La filosofia diviene, in tal modo, " la sintesi a mezzo del pensiero dialettico " dei " risultati delle scienze positive " (p. 18); e " ad ogni scoperta che fa epoca nel campo delle scienze naturali ", il marxismo, che è appunto quella sintesi, deve naturalmente " cambiare la sua forma " (p. 30). La filosofia, in altre parole, c'è per « poter fornire un quadro sinottico dell'assieme della natura in forma approssimativamente sistematica, servendosi dei fatti fornitici dalle stesse scienze naturali empiriche » (p. 55); perché, come al solito, da un lato sta lo scienziato " positivo ", che lavora col metodo sperimentale che è il solo col quale cavi il ragno dal buco, e dall'altro e sopra di lui sta invece il vecchio filosofo (nient'affatto " positivo " ma dilettante) che provvede però a " dialettizzare " i risultati delle ricerche positive che gli vengono sottoposti. Ancora una volta, i dati delle scienze diventano così " esempi " di quelle leggi generalissime che padroneggia solo il filosofo e che nessuno d'altra parte si sognerà mai di contestargli proprio perché si tratta — sappiamo — di un metodo " assoluto " che " spiega ogni cosa ", e, quindi, « di forme d'astrazione generali, astratte, concernenti — dice Marx — qualunque contenuto, e però tanto indifferenti ad ogni contenuto che valide per ogni contenuto ».

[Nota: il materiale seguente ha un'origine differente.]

lemma square_add_eq_absdiff:
  assumes "m \<le> 2 * n"
  shows "m * m + 2 * n * (2 * n - m) = 3 * n * n + absdiff n m ^ 2"
proof (cases "m \<le> n")
  case True
  then obtain D where "n = m + D"
    using le_Suc_ex by blast
  then show ?thesis
    by (simp add: absdiff_def power2_eq_square algebra_simps)
next
  case False
  then obtain D where m: "m = n + D"
    using le_Suc_ex nat_le_linear by blast
  with assms obtain r where "n = D + r"
    using le_Suc_ex by fastforce
  with m False show ?thesis
    by (simp add: absdiff_def power2_eq_square algebra_simps)
qed

lemma power_absdiff:
  assumes "e * e = (1 :: 'a :: comm_monoid_mult)"
  shows "e ^ n * e ^ m = e ^ absdiff n m"
proof -
  have inv: "e ^ k * e ^ k = 1" for k
    using assms by (simp flip: power_mult_distrib)
  show ?thesis
  proof (cases "n \<le> m")
    case True
    then obtain k where "m = n + k"
      using le_Suc_ex by blast
    then show ?thesis
      by (simp add: absdiff_def power_add inv flip: mult.assoc)
  next
    case False
    then obtain k where "n = m + k"
      using le_Suc_ex nat_le_linear by blast
    moreover have "e ^ (m + k) * e ^ m = e ^ k * (e ^ m * e ^ m)"
      by (simp add: power_add ac_simps)
    ultimately show ?thesis
      using False by (simp add: absdiff_def inv)
  qed
qed

lemma prod_eq_odd_prod_square:
  fixes e :: "'a :: comm_ring_1"
  assumes "e * e = 1"
  shows "(\<Prod>j<2 * n. fps_X ^ (2 * s * n) + (fps_const e * fps_X ^ s) * (fps_X ^ (2 * s)) ^ j)
    = fps_X ^ (3 * s * n * n) * (fps_const (e ^ n) * odd_prod e s n ^ 2)"
proof -
  define F where "F j = fps_X ^ (2 * s * n) + fps_const e * fps_X ^ (s * (2 * j + 1))" for j
  have prod_add: "(\<Prod>j<n + k. F j) = (\<Prod>j<n. F j) * (\<Prod>j<k. F (n + j))" for k
    by (induction k) (simp_all add: mult.assoc)
  have "(fps_const e * fps_X ^ s) * (fps_X ^ (2 * s)) ^ j = fps_const e * (fps_X :: 'a fps) ^ (s * (2 * j + 1))" for j
    by (simp add: algebra_simps flip: power_mult power_add)
  moreover have "{..<2 * n} = {..<n + n}"
    by simp
  ultimately have "(\<Prod>j<2 * n. fps_X ^ (2 * s * n) + (fps_const e * fps_X ^ s) * (fps_X ^ (2 * s)) ^ j)
      = (\<Prod>j<n + n. F j)"
    by (simp only: F_def)
  also have "\<dots> = (fps_const (e ^ n) * fps_X ^ (s * n * n) * odd_prod e s n) * (fps_X ^ (2 * s * n * n) * odd_prod e s n)"
    unfolding prod_add unfolding F_def prod_lower_half_eq_odd_prod[OF assms] prod_upper_half_eq_odd_prod ..
  also have "\<dots> = fps_const (e ^ n) * (fps_X ^ (s * n * n) * fps_X ^ (2 * s * n * n)) * odd_prod e s n ^ 2"
    by (simp only: power2_eq_square ac_simps)
  also have "fps_X ^ (s * n * n) * fps_X ^ (2 * s * n * n) = (fps_X :: 'a fps) ^ (3 * s * n * n)"
    by (simp flip: power_add)
  finally show ?thesis
    by (simp only: ac_simps)
qed
(* Consider a multi-sender single-uniprior index-coding instance with binary messages, information-flow graph $\mathcal{G}$ and message graph $\mathcal{U}$, and let $\mathcal{V}_S$ be the vertex set of a message-disconnected leaf SCC of $\mathcal{G}$. Form $(\mathcal{G}',\mathcal{U}')$ by appending this leaf SCC: add a new dummy vertex $n+1$ to both $\mathcal{G}$ and $\mathcal{U}$ (isolated in $\mathcal{U}'$), representing a receiver whose prior message $x_{n+1}$ is the constant $0$ (known to all receivers and never transmitted), and add an arc $(v\to n+1)$ in $\mathcal{G}$ for an arbitrarily chosen $v\in\mathcal{V}_S$ (so the dummy receiver requests $x_v$); the senders are unchanged. Then \[ N_{\mathrm{SCC}}(\mathcal{G}') = N_{\mathrm{SCC}}(\mathcal{G})-1,\qquad \tilde{\ell}^*(\mathcal{G}',\mathcal{U}')=\tilde{\ell}^*(\mathcal{G},\mathcal{U}),\qquad V_{\mathrm{out}}(\mathcal{G}')=V_{\mathrm{out}}(\mathcal{G}), \] where $N_{\mathrm{SCC}}(\cdot)$ denotes the number of leaf SCCs.
   Context: Multi-sender single-uniprior index coding with binary messages: there are $n$ receivers and $n$ independent messages $x_1,\dots,x_n$, each a single bit uniformly distributed on $\{0,1\}$. Receiver $i$ knows $x_i$ a priori and requests a set of messages not containing $x_i$. The information-flow graph is the directed graph $\mathcal{G}=(\mathcal{V},\mathcal{A})$, $\mathcal{V}=\{1,\dots,n\}$, with an arc $(j\to i)$ iff receiver $i$ requests $x_j$. There are $S$ senders; sender $s$ knows a subset $\mathcal{M}_s$ of the messages, and every message is known to some sender. An index code consists of, for each sender $s$, an encoding function mapping the messages in $\mathcal{M}_s$ to $\ell_s$ bits, and for each receiver $i$ a decoding function that, from all senders' outputs together with its prior message, returns every message requested by $i$, for all message values; its length is $\sum_s \ell_s$. $\tilde{\ell}^*(\mathcal{G},\mathcal{U})$ is the minimum length of an index code for the instance. The message graph $\mathcal{U}$ is the undirected graph on $\mathcal{V}$ with an edge $\{i,j\}$ iff some sender knows both $x_i$ and $x_j$. A leaf vertex of $\mathcal{G}$ has no outgoing arcs; $V_{\mathrm{out}}(\mathcal{G})$ is the number of non-leaf vertices. A leaf SCC of $\mathcal{G}$ is a strongly connected component with at least two vertices and no arc from it to a vertex outside it. A leaf SCC with vertex set $\mathcal{V}_S$ is message-disconnected iff there are two vertices in $\mathcal{V}_S$ that are not joined by any path in $\mathcal{U}$. *)

theory Defs
  imports Main
begin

Vero è che — come Engels stesso osserva — « fornire questo quadro complessivo era nel passato il compito della cosiddetta filosofia della natura » e che « essa poteva farlo solo ponendo, in luogo dei nessi reali ancora sconosciuti, dei nessi ideali, fantastici » (p. 55). Solo che egli non si avvede poi che i nessi che ci dà nella Dialettica della natura sono altrettanto fantastici, e ciò per il semplice fatto che sono gli stessi che Hegel ci dà nella filosofia della natura20. Da questa contraddizione Engels non è mai venuto fuori, e basta vedere come egli procede nel-VAntidùhring, là dove ragiona della " negazione della negazione ". In un primo momento, infatti, ci dice che essa « è una legge di sviluppo estremamente generale della natura, della storia e del pensiero e che appunto perciò ha un raggio d'azione e una importanza estremamente grandi »; quindi, che questa legge,

20 Cfr. G. DELLA VOLPE, Ver la teorìa di un umanismo positivo, Bologna 1949, p. 13.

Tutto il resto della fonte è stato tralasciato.